Shameful Business: Corporate Giants Target Activists And Non-profits For Corporate Espionage

from the can't-take-the-heat dept

It’s no secret that big companies, especially the giant multinationals, often have very advanced corporate espionage teams (sometimes staffed by former government spooks). The practices can sometimes be extreme and problematic, like when HP used its corporate espionage team to spy on board members and journalists. However, it seems that with the rise of consumer interest groups and very effective activists, many of these giant companies are using their corporate espionage team to spy on those non-profits and activists instead.

Many of the world’s largest corporations and their trade associations — including the U.S. Chamber of Commerce, Walmart, Monsanto, Bank of America, Dow Chemical, Kraft, Coca-Cola, Chevron, Burger King, McDonald’s, Shell, BP, BAE, Sasol, Brown & Williamson and E.ON – have been linked to espionage or planned espionage against nonprofit organizations, activists and whistleblowers.

Many different types of nonprofit organizations have been targeted with corporate espionage, including environmental, anti-war, public interest, consumer, food safety, pesticide reform, nursing home reform, gun control, social justice, animal rights and arms control groups.

Corporations and their trade associations have been linked to a wide variety of espionage tactics against nonprofit organizations. The most prevalent tactic appears to be infiltration by posing a volunteer or journalist, to obtain information from a nonprofit. But corporations have been linked to many other human, physical and electronic espionage tactics against nonprofits. Many of these tactics are either highly unethical or illegal.

The full report includes plenty of examples, including the famous HBGary Federal/Hunton & Williams/Bank of America attempt to infiltrate Anonymous (and Wikileaks).
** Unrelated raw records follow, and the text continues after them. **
lemma limsup_h_shift:
  assumes "T < t" "0 < d"
  shows "limsup_h (t + d) = limsup_h t"
proof (rule antisym)
  have "g (t + d) h \<le> g t (h + d) + (S - g t d)" if "0 < h" for h
    using cocycle_ge[OF assms that] by (simp add: add.commute)
  then show "limsup_h (t + d) \<le> limsup_h t"
    unfolding limsup_h_def
    by (intro Limsup_ratio_le_shift[where d = d and c = "S - g t d"]
        eventually_mono[OF eventually_gt_at_top[of 0]])
next
  have "g t h \<le> g (t + d) (h + - d) + (g t d + S)" if "d < h" for h
    using cocycle_le[OF assms, of "h - d"] that by simp
  then show "limsup_h t \<le> limsup_h (t + d)"
    unfolding limsup_h_def
    by (intro Limsup_ratio_le_shift[where d = "- d" and c = "g t d + S"]
        eventually_mono[OF eventually_gt_at_top[of d]])
qed

lemma liminf_h_shift:
  assumes "T < t" "0 < d"
  shows "liminf_h (t + d) = liminf_h t"
proof (rule antisym)
  have "g (t + d) (h + - d) - (S - g t d) \<le> g t h" if "d < h" for h
    using cocycle_ge[OF assms, of "h - d"] that by simp
  then show "liminf_h (t + d) \<le> liminf_h t"
    unfolding liminf_h_def
    by (intro Liminf_ratio_ge_shift[where d = "- d" and c = "S - g t d"]
        eventually_mono[OF eventually_gt_at_top[of d]])
next
  have "g t (h + d) - (g t d + S) \<le> g (t + d) h" if "0 < h" for h
    using cocycle_le[OF assms that] by (simp add: add.commute)
  then show "liminf_h t \<le> liminf_h (t + d)"
    unfolding liminf_h_def
    by (intro Liminf_ratio_ge_shift[where d = d and c = "g t d + S"]
        eventually_mono[OF eventually_gt_at_top[of 0]])
qed

lemma limsup_h_eq: "T < t \<Longrightarrow> T < s \<Longrightarrow> limsup_h t = limsup_h s"
  using limsup_h_shift[of t "s - t"] limsup_h_shift[of s "t - s"]
  by (cases t s rule: linorder_cases) auto

lemma liminf_h_eq: "T < t \<Longrightarrow> T < s \<Longrightarrow> liminf_h t = liminf_h s"
  using liminf_h_shift[of t "s - t"] liminf_h_shift[of s "t - s"]
  by (cases t s rule: linorder_cases) auto

lemma limsup_h_tendsto: "(limsup_h \<longlongrightarrow> limsup_h (T + 1)) at_top"
  by (intro tendsto_eventually eventually_mono[OF eventually_gt_at_top[of T]] limsup_h_eq) simp_all
definition locally_great_circle_at :: "real \<Rightarrow> (real \<Rightarrow> 'a::real_inner) \<Rightarrow> real \<Rightarrow> 'a \<Rightarrow> bool" where
  "locally_great_circle_at a \<sigma> t E \<longleftrightarrow> orthonormal_pair (\<sigma> t) E \<and>
     (\<exists>e>0. \<forall>d. \<bar>d\<bar> < e \<longrightarrow> \<sigma> (t + d) = great_circle (\<sigma> t) E (a * d))"

lemma locally_great_circle_at_unique:
  assumes "a \<noteq> 0" "locally_great_circle_at a \<sigma> t E" "locally_great_circle_at a \<sigma> t E'"
  shows "E = E'"
proof -
  obtain e e' where "e > 0" "e' > 0"
    and E: "\<forall>d. \<bar>d\<bar> < e \<longrightarrow> \<sigma> (t + d) = great_circle (\<sigma> t) E (a * d)"
    and E': "\<forall>d. \<bar>d\<bar> < e' \<longrightarrow> \<sigma> (t + d) = great_circle (\<sigma> t) E' (a * d)"
    using assms(2,3) unfolding locally_great_circle_at_def by blast
  define d where "d = min (min e e') (1 / \<bar>a\<bar>) / 2"
  have d: "0 < d" "d < e" "d < e'" "\<bar>a\<bar> * d < pi"
  proof -
    have "\<bar>a\<bar> * d \<le> \<bar>a\<bar> * (1 / \<bar>a\<bar> / 2)"
      using assms(1) by (intro mult_left_mono) (auto simp: d_def)
    then show "\<bar>a\<bar> * d < pi" using assms(1) pi_gt3 by simp
  qed (use assms(1) \<open>e > 0\<close> \<open>e' > 0\<close> in \<open>auto simp: d_def\<close>)
  have "sin (\<bar>a\<bar> * d) > 0" using d assms(1) by (intro sin_gt_zero) auto
  then have "sin (a * d) \<noteq> 0" by (cases "a \<ge> 0") auto
  moreover have "great_circle (\<sigma> t) E (a * d) = great_circle (\<sigma> t) E' (a * d)"
    using E[rule_format, of d] E'[rule_format, of d] d by simp
  then have "sin (a * d) *\<^sub>R E = sin (a * d) *\<^sub>R E'" unfolding great_circle_def by simp
  ultimately show ?thesis by simp
qed

lemma locally_great_circle_at_shift:
  assumes "locally_great_circle_at a \<sigma> t E"
  shows "\<exists>e>0. \<forall>s. \<bar>s - t\<bar> < e \<longrightarrow> \<sigma> s = great_circle (\<sigma> t) E (a * (s - t)) \<and>
    locally_great_circle_at a \<sigma> s (great_circle (\<sigma> t) E (a * (s - t) + pi / 2))"
proof -
  obtain e where e: "e > 0" "\<forall>d. \<bar>d\<bar> < e \<longrightarrow> \<sigma> (t + d) = great_circle (\<sigma> t) E (a * d)"
    and o: "orthonormal_pair (\<sigma> t) E"
    using assms unfolding locally_great_circle_at_def by blast
  have "\<sigma> s = great_circle (\<sigma> t) E (a * (s - t)) \<and>
      locally_great_circle_at a \<sigma> s (great_circle (\<sigma> t) E (a * (s - t) + pi / 2))"
    if s: "\<bar>s - t\<bar> < e / 2" for s
  proof
    have "\<bar>s - t\<bar> < e" using s e(1) by linarith
    then have "\<sigma> (t + (s - t)) = great_circle (\<sigma> t) E (a * (s - t))" using e(2) by blast
    then show \<sigma>s: "\<sigma> s = great_circle (\<sigma> t) E (a * (s - t))" by simp
    show "locally_great_circle_at a \<sigma> s (great_circle (\<sigma> t) E (a * (s - t) + pi / 2))"
      unfolding locally_great_circle_at_def
    proof (intro conjI exI[of _ "e / 2"] allI impI)
      show "orthonormal_pair (\<sigma> s) (great_circle (\<sigma> t) E (a * (s - t) + pi / 2))"
        unfolding \<sigma>s by (rule orthonormal_pair_great_circle[OF o])
      fix d assume "\<bar>d\<bar> < e / 2"
      then have "\<bar>s - t + d\<bar> < e" using s by linarith
      then have "\<sigma> (t + (s - t + d)) = great_circle (\<sigma> t) E (a * (s - t + d))" using e(2) by blast
      then have "\<sigma> (s + d) = great_circle (\<sigma> t) E (a * (s - t) + a * d)" by (simp add: distrib_left)
      then show "\<sigma> (s + d) = great_circle (\<sigma> s) (great_circle (\<sigma> t) E (a * (s - t) + pi / 2)) (a * d)"
        unfolding \<sigma>s great_circle_great_circle .
    qed (use e in simp)
  qed
  moreover have "e / 2 > 0" using e(1) by simp
  ultimately show ?thesis by blast
qed

text \<open>The frame of \<open>\<sigma> t\<close> and its direction, rotated back by the angle \<open>a t\<close>, is locally
  constant, hence constant.\<close>
lemma locally_great_circle_imp_great_circle:
  fixes \<sigma> :: "real \<Rightarrow> 'a::real_inner"
  assumes a: "a \<noteq> 0" and loc: "\<And>t. \<exists>E. locally_great_circle_at a \<sigma> t E"
  shows "\<exists>U V. orthonormal_pair U V \<and> (\<forall>t. \<sigma> t = great_circle U V (a * t))"
proof -
  define Ef where "Ef t = (SOME E. locally_great_circle_at a \<sigma> t E)" for t
  have Ef: "locally_great_circle_at a \<sigma> t (Ef t)" for t
    unfolding Ef_def by (rule someI_ex) (rule loc)
  define \<Phi> where "\<Phi> t = (great_circle (\<sigma> t) (Ef t) (- (a * t)),
    great_circle (\<sigma> t) (Ef t) (- (a * t) + pi / 2))" for t
  have \<Phi>_const: "\<Phi> t = \<Phi> 0" for t
  proof (rule locally_constant_imp_constant[of \<Phi>])
    fix u
    obtain e where "e > 0" and near: "\<forall>s. \<bar>s - u\<bar> < e \<longrightarrow>
        \<sigma> s = great_circle (\<sigma> u) (Ef u) (a * (s - u)) \<and>
        locally_great_circle_at a \<sigma> s (great_circle (\<sigma> u) (Ef u) (a * (s - u) + pi / 2))"
      using locally_great_circle_at_shift[OF Ef[of u]] by blast
    have "\<Phi> s = \<Phi> u" if "\<bar>s - u\<bar> < e" for s
    proof -
      have "locally_great_circle_at a \<sigma> s (great_circle (\<sigma> u) (Ef u) (a * (s - u) + pi / 2))"
        using near[rule_format, OF that] by blast
      then have "Ef s = great_circle (\<sigma> u) (Ef u) (a * (s - u) + pi / 2)"
        by (rule locally_great_circle_at_unique[OF a Ef])
      moreover have "a * (s - u) + - (a * s) = - (a * u)"
        "a * (s - u) + (- (a * s) + pi / 2) = - (a * u) + pi / 2"
        by (simp_all add: algebra_simps)
      ultimately show ?thesis
        using near[rule_format, OF that] unfolding \<Phi>_def by (simp only: great_circle_great_circle)
    qed
    then show "\<exists>e>0. \<forall>s. \<bar>s - u\<bar> < e \<longrightarrow> \<Phi> s = \<Phi> u" using \<open>e > 0\<close> by blast
  qed
  have "\<sigma> t = great_circle (\<sigma> 0) (Ef 0) (a * t)" for t
  proof -
    have "\<sigma> 0 = great_circle (\<sigma> t) (Ef t) (- (a * t))"
      "Ef 0 = great_circle (\<sigma> t) (Ef t) (- (a * t) + pi / 2)"
      using \<Phi>_const[of t] unfolding \<Phi>_def by simp_all
    then show ?thesis by (simp only: great_circle_great_circle) simp
  qed
  moreover have "orthonormal_pair (\<sigma> 0) (Ef 0)" using Ef unfolding locally_great_circle_at_def by blast
  ultimately show ?thesis by blast
qed

text \<open>The unit tangents at \<open>\<sigma> t\<close> towards \<open>\<sigma> (t + d)\<close> and towards \<open>\<sigma> (t - d')\<close> are opposite for
  all small \<open>d, d' > 0\<close>, so all of them are one and the same vector.\<close>
lemma inner_cos_imp_locally_great_circle_at:
  fixes \<sigma> :: "real \<Rightarrow> 'a::real_inner"
  assumes unit: "\<And>s. norm (\<sigma> s) = 1" and a: "a > 0" and e: "e > 0" "a * e \<le> 1"
    and ip: "\<And>d d'. \<bar>d\<bar> < e \<Longrightarrow> \<bar>d'\<bar> < e \<Longrightarrow> \<sigma> (t + d) \<bullet> \<sigma> (t + d') = cos (a * (d - d'))"
  shows "\<exists>E. locally_great_circle_at a \<sigma> t E"
proof -
  have sin_pos: "sin (a * d) > 0" if "0 < d" "d < e" for d
  proof (rule sin_gt_zero)
    have "a * d \<le> a * e" using a that by simp
    then show "a * d < pi" using e pi_gt3 by linarith
  qed (use a that in simp)
  define T where "T d = (1 / sin (a * d)) *\<^sub>R (\<sigma> (t + d) - cos (a * d) *\<^sub>R \<sigma> t)" for d
  have opposite: "(1 / sin (a * d')) *\<^sub>R (\<sigma> (t - d') - cos (a * d') *\<^sub>R \<sigma> t) = - T d"
    if d: "0 < d" "d < e" "0 < d'" "d' < e" for d d'
    unfolding T_def
  proof (rule spherical_triangle_eq_opposite_tangents[OF unit unit unit])
    show "\<sigma> (t - d') \<bullet> \<sigma> t = cos (a * d')" "\<sigma> t \<bullet> \<sigma> (t + d) = cos (a * d)"
      "\<sigma> (t - d') \<bullet> \<sigma> (t + d) = cos (a * d' + a * d)"
      using ip[of "- d'" 0] ip[of 0 d] ip[of d "- d'"] inner_commute[of "\<sigma> (t - d')"] d
      by (simp_all add: algebra_simps)
  qed (use sin_pos[of d] sin_pos[of d'] d in auto)
  define E where "E = T (e / 2)"
  have "\<sigma> (t + d) = great_circle (\<sigma> t) E (a * d)" if "\<bar>d\<bar> < e" for d
  proof -
    consider "d > 0" | "d = 0" | "d < 0" by linarith
    then show ?thesis
    proof cases
      case 1
      then have "T d = E" using opposite[of d "e / 2"] opposite[of "e / 2" "e / 2"] that e
        by (simp add: E_def)
      then have "sin (a * d) *\<^sub>R E = \<sigma> (t + d) - cos (a * d) *\<^sub>R \<sigma> t"
        using sin_pos[of d] 1 that by (auto simp: T_def)
      then show ?thesis by (simp add: great_circle_def algebra_simps)
    next
      case 3
      then have "(1 / sin (a * - d)) *\<^sub>R (\<sigma> (t + d) - cos (a * - d) *\<^sub>R \<sigma> t) = - E"
        using opposite[of "e / 2" "- d"] that e by (simp add: E_def)
      then have "sin (a * - d) *\<^sub>R - E = \<sigma> (t + d) - cos (a * - d) *\<^sub>R \<sigma> t"
        using sin_pos[of "- d"] 3 that by auto
      then show ?thesis by (simp add: great_circle_def algebra_simps)
    qed simp
  qed
  moreover have "orthonormal_pair (\<sigma> t) E"
    unfolding E_def T_def
    by (rule unit_tangent[OF unit unit]) (use ip[of "e / 2" 0] sin_pos[of "e / 2"] e in auto)
  ultimately show ?thesis using e(1) unfolding locally_great_circle_at_def by blast
qed

lemma arc_length_locally_great_circle_at:
  fixes \<sigma> :: "real \<Rightarrow> 'a::real_inner"
  assumes unit: "\<And>s. norm (\<sigma> s) = 1" and a: "a > 0"
    and arc: "\<exists>e>0. \<forall>s s'. \<bar>s - t\<bar> < e \<and> \<bar>s' - t\<bar> < e \<longrightarrow> arccos (\<sigma> s \<bullet> \<sigma> s') = a * \<bar>s - s'\<bar>"
  shows "\<exists>E. locally_great_circle_at a \<sigma> t E"
proof -
  obtain e0 where "e0 > 0" and arc0: "\<And>s s'. \<bar>s - t\<bar> < e0 \<Longrightarrow> \<bar>s' - t\<bar> < e0 \<Longrightarrow>
      arccos (\<sigma> s \<bullet> \<sigma> s') = a * \<bar>s - s'\<bar>"
    using arc by blast
  define e where "e = min e0 (1 / a)"
  have e: "e > 0" "a * e \<le> 1"
    using \<open>e0 > 0\<close> a by (auto simp: e_def min_def field_simps)
  show ?thesis
  proof (rule inner_cos_imp_locally_great_circle_at[OF unit a e])
    fix d d' :: real assume "\<bar>d\<bar> < e" "\<bar>d'\<bar> < e"
    then have "arccos (\<sigma> (t + d) \<bullet> \<sigma> (t + d')) = \<bar>a * (d - d')\<bar>"
      using arc0[of "t + d" "t + d'"] a by (simp add: e_def abs_mult)
    then show "\<sigma> (t + d) \<bullet> \<sigma> (t + d') = cos (a * (d - d'))"
      using cos_arccos_unit_inner[OF unit unit] by (metis cos_abs_real)
  qed
qed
It also includes stories about Stratfor, Monstanto and others. There was one example in there that I was unaware of, involving the giant pharmaceutical lobbying group PhRMA trying to spy on Jamie Love and Knowledge Ecology International. Love is a friend and KEI has done amazing work in informing the world about dangerous efforts by PhRMA and others to use international trade agreements to push through rules and laws that harm the public around both copyright and patent issues. So, perhaps it’s not a surprise that they’d spy on him, but it’s still quite troubling. The same report notes that a bunch of others, including Microsoft, hired another company closely associated with former IP czar Victoria Espinel to try to spy on Love and KEI:

Shortly after the passage of the Affordable Care Act, Love says he received a visit in his offices from a man who said he was recently let go from his job at Pharmaceutical Research and Manufacturers of America (PhRMA). “He said his job involved monitoring what I was doing, every day.” Love said. “He told me that PhRMA had hired a private investigator to investigate us, from the West Coast.” Separately, from 2007 to 2008, Love says that PhRMA and some companies in the copyright sector funded efforts to investigate the sources of funding for NGOs working on intellectual property issues, and to press those foundations to end their support of consumer advocacy.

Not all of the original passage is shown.